NFL Eastern Conference
| view; talk; edit; | W | L | T | PCT | CONF | PF | PA | STK |
| Dallas Cowboys | 10 | 3 | 1 | .769 | 9–3–1 | 445 | 239 | W1 |
| Cleveland Browns | 9 | 5 | 0 | .643 | 9–4 | 403 | 259 | W1 |
| Philadelphia Eagles | 9 | 5 | 0 | .643 | 8–5 | 326 | 340 | W4 |
| St.
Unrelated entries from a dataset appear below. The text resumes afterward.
lemma cut_point_shift: "cut_point \<pi> (x + m * int d) \<longleftrightarrow> cut_point \<pi> x"
proof
  assume cut: "cut_point \<pi> (x + m * int d)"
  show "cut_point \<pi> x"
  proof (unfold cut_point_def, intro allI impI)
    fix i k assume "i \<le> x \<and> x < k"
    then have "\<pi> (i + m * int d) < \<pi> (k + m * int d)" using cut unfolding cut_point_def by simp
    then show "\<pi> i < \<pi> k" by (simp add: periodic)
  qed
next
  assume cut: "cut_point \<pi> x"
  show "cut_point \<pi> (x + m * int d)"
  proof (unfold cut_point_def, intro allI impI)
    fix i k assume "i \<le> x + m * int d \<and> x + m * int d < k"
    then have "\<pi> (i - m * int d) < \<pi> (k - m * int d)" using cut unfolding cut_point_def by simp
    then show "\<pi> i < \<pi> k" using periodic[of "i - m * int d" m] periodic[of "k - m * int d" m] by simp
  qed
qed

lemma cut_point_threshold:
  assumes cut: "cut_point \<pi> c"
  shows "\<exists>M. \<forall>x. \<pi> x \<le> M \<longleftrightarrow> x \<le> c"
proof -
  define W where "W = {c - int d + 1..c}"
  define M where "M = Max (\<pi> ` W)"
  have W: "finite W" "W \<noteq> {}" using d_pos by (auto simp: W_def)
  have "\<pi> x \<le> M" if x: "x \<le> c" for x
  proof -
    define r where "r = (x - (c - int d + 1)) mod int d"
    define q where "q = (x - (c - int d + 1)) div int d"
    have r: "0 \<le> r" "r < int d" using d_pos by (simp_all add: r_def)
    have x_eq: "x = (c - int d + 1 + r) + q * int d" by (simp add: r_def q_def)
    then have "q * int d < 1 * int d" using x r by linarith
    then have "q < 1" using d_pos by (simp only: mult_less_cancel_right_pos of_nat_0_less_iff)
    then have "q * int d \<le> 0" by (simp add: mult_nonpos_nonneg)
    moreover have "\<pi> (c - int d + 1 + r) \<le> M" unfolding M_def using W r by (auto simp: W_def)
    ultimately show ?thesis unfolding x_eq periodic by linarith
  qed
  moreover have "M < \<pi> y" if "c < y" for y
  proof -
    have "M \<in> \<pi> ` W" unfolding M_def using W by (intro Max_in) simp_all
    then obtain i where "i \<le> c" "\<pi> i = M" by (auto simp: W_def)
    then show ?thesis using cut that unfolding cut_point_def by blast
  qed
  ultimately show ?thesis by (meson not_le)
qed

lemma threshold_image:
  assumes thr: "\<And>x. \<pi> x \<le> M \<longleftrightarrow> x \<le> c"
  shows "\<pi> ` {c + 1..<c + 1 + int d} = {M + 1..<M + 1 + int d}"
proof (rule card_subset_eq)
  show "\<pi> ` {c + 1..<c + 1 + int d} \<subseteq> {M + 1..<M + 1 + int d}"
  proof
    fix v assume "v \<in> \<pi> ` {c + 1..<c + 1 + int d}"
    then obtain y where "y \<in> {c + 1..<c + 1 + int d}" "v = \<pi> y" by blast
    then have y: "c < y" "y \<le> c + int d" "v = \<pi> y" by auto
    have "\<pi> y = \<pi> (y - int d) + int d" using periodic[of "y - int d" 1] by simp
    then show "v \<in> {M + 1..<M + 1 + int d}" using y thr[of y] thr[of "y - int d"] by auto
  qed
  show "card (\<pi> ` {c + 1..<c + 1 + int d}) = card {M + 1..<M + 1 + int d}"
    using card_image[of \<pi>] inj_eq by (simp add: inj_on_def)
qed simp

lemma cut_point_le_iff:
  assumes cut: "cut_point \<pi> c"
  shows "\<pi> x \<le> c \<longleftrightarrow> x \<le> c"
proof -
  obtain M where thr: "\<And>x. \<pi> x \<le> M \<longleftrightarrow> x \<le> c" using cut_point_threshold[OF cut] by blast
  \<comment> \<open>\<open>\<pi>\<close> shifts the window after \<open>c\<close> onto the window after \<open>M\<close>, so the zero window sum forces \<open>M = c\<close>.\<close>
  have "int d * (M - c) = (\<Sum>y\<in>{c + 1..<c + 1 + int d}. \<pi> y - y)"
    using inj_eq threshold_image[OF thr]
    by (subst sum_diff_interval_image) (auto simp: inj_on_def algebra_simps)
  also have "\<dots> = 0" by (rule sum_interval_eq_0)
  finally have "M = c" using d_pos by simp
  then show ?thesis using thr by simp
qed

end

definition window_list :: "nat \<Rightarrow> (int \<Rightarrow> int) \<Rightarrow> int \<Rightarrow> int list" where
  "window_list d \<pi> c = map (\<lambda>i. \<pi> (c + 1 + int i) - (c + 1)) [0..<d]"

lemma length_window_list [simp]: "length (window_list d \<pi> c) = d"
  by (simp add: window_list_def)

lemma nth_window_list [simp]: "i < d \<Longrightarrow> window_list d \<pi> c ! i = \<pi> (c + 1 + int i) - (c + 1)"
  by (simp add: window_list_def)

locale affine_permutation_with_cut = affine_permutation +
  fixes c :: int
  assumes cut: "cut_point \<pi> c"
begin

lemma le_shifted_cut_iff: "\<pi> x \<le> c + m * int d \<longleftrightarrow> x \<le> c + m * int d"
  using cut cut_point_shift cut_point_le_iff by blast

lemma window_values: "c < y \<Longrightarrow> y \<le> c + int d \<Longrightarrow> c < \<pi> y \<and> \<pi> y \<le> c + int d"
  using le_shifted_cut_iff[of y 0] le_shifted_cut_iff[of y 1] by auto

lemma perm_list_window_list: "perm_list d (window_list d \<pi> c)"
proof -
  have dist: "distinct (window_list d \<pi> c)"
    unfolding distinct_conv_nth by (simp add: inj_eq)
  have "set (window_list d \<pi> c) \<subseteq> {0..<int d}"
  proof
    fix v assume "v \<in> set (window_list d \<pi> c)"
    then obtain i where "i < d" "v = \<pi> (c + 1 + int i) - (c + 1)" by (auto simp: in_set_conv_nth)
    then show "v \<in> {0..<int d}" using window_values[of "c + 1 + int i"] by auto
  qed
  moreover have "card (set (window_list d \<pi> c)) = card {0..<int d}"
    using distinct_card[OF dist] by simp
  ultimately have "set (window_list d \<pi> c) = {0..<int d}" by (intro card_subset_eq) auto
  with dist show ?thesis by (simp add: perm_list_def)
qed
Louis Cardinals | 8 | 5 | 1 | .615 | 7–5–1 | 264 | 265 | L3 |
| Washington Redskins | 7 | 7 | 0 | .500 | 7–6 | 351 | 355 | L1 |
| Pittsburgh Steelers | 5 | 8 | 1 | .385 | 4–8–1 | 316 | 347 | W2 |
| Atlanta Falcons | 3 | 11 | 0 | .214 | 2–5 | 204 | 437 | L1 |
| New York Giants | 1 | 12 | 1 | .077 | 1–11–1 | 263 | 501 | L8 |

==Awards, records, and honors==
Most points in a single game in regular season NFL history.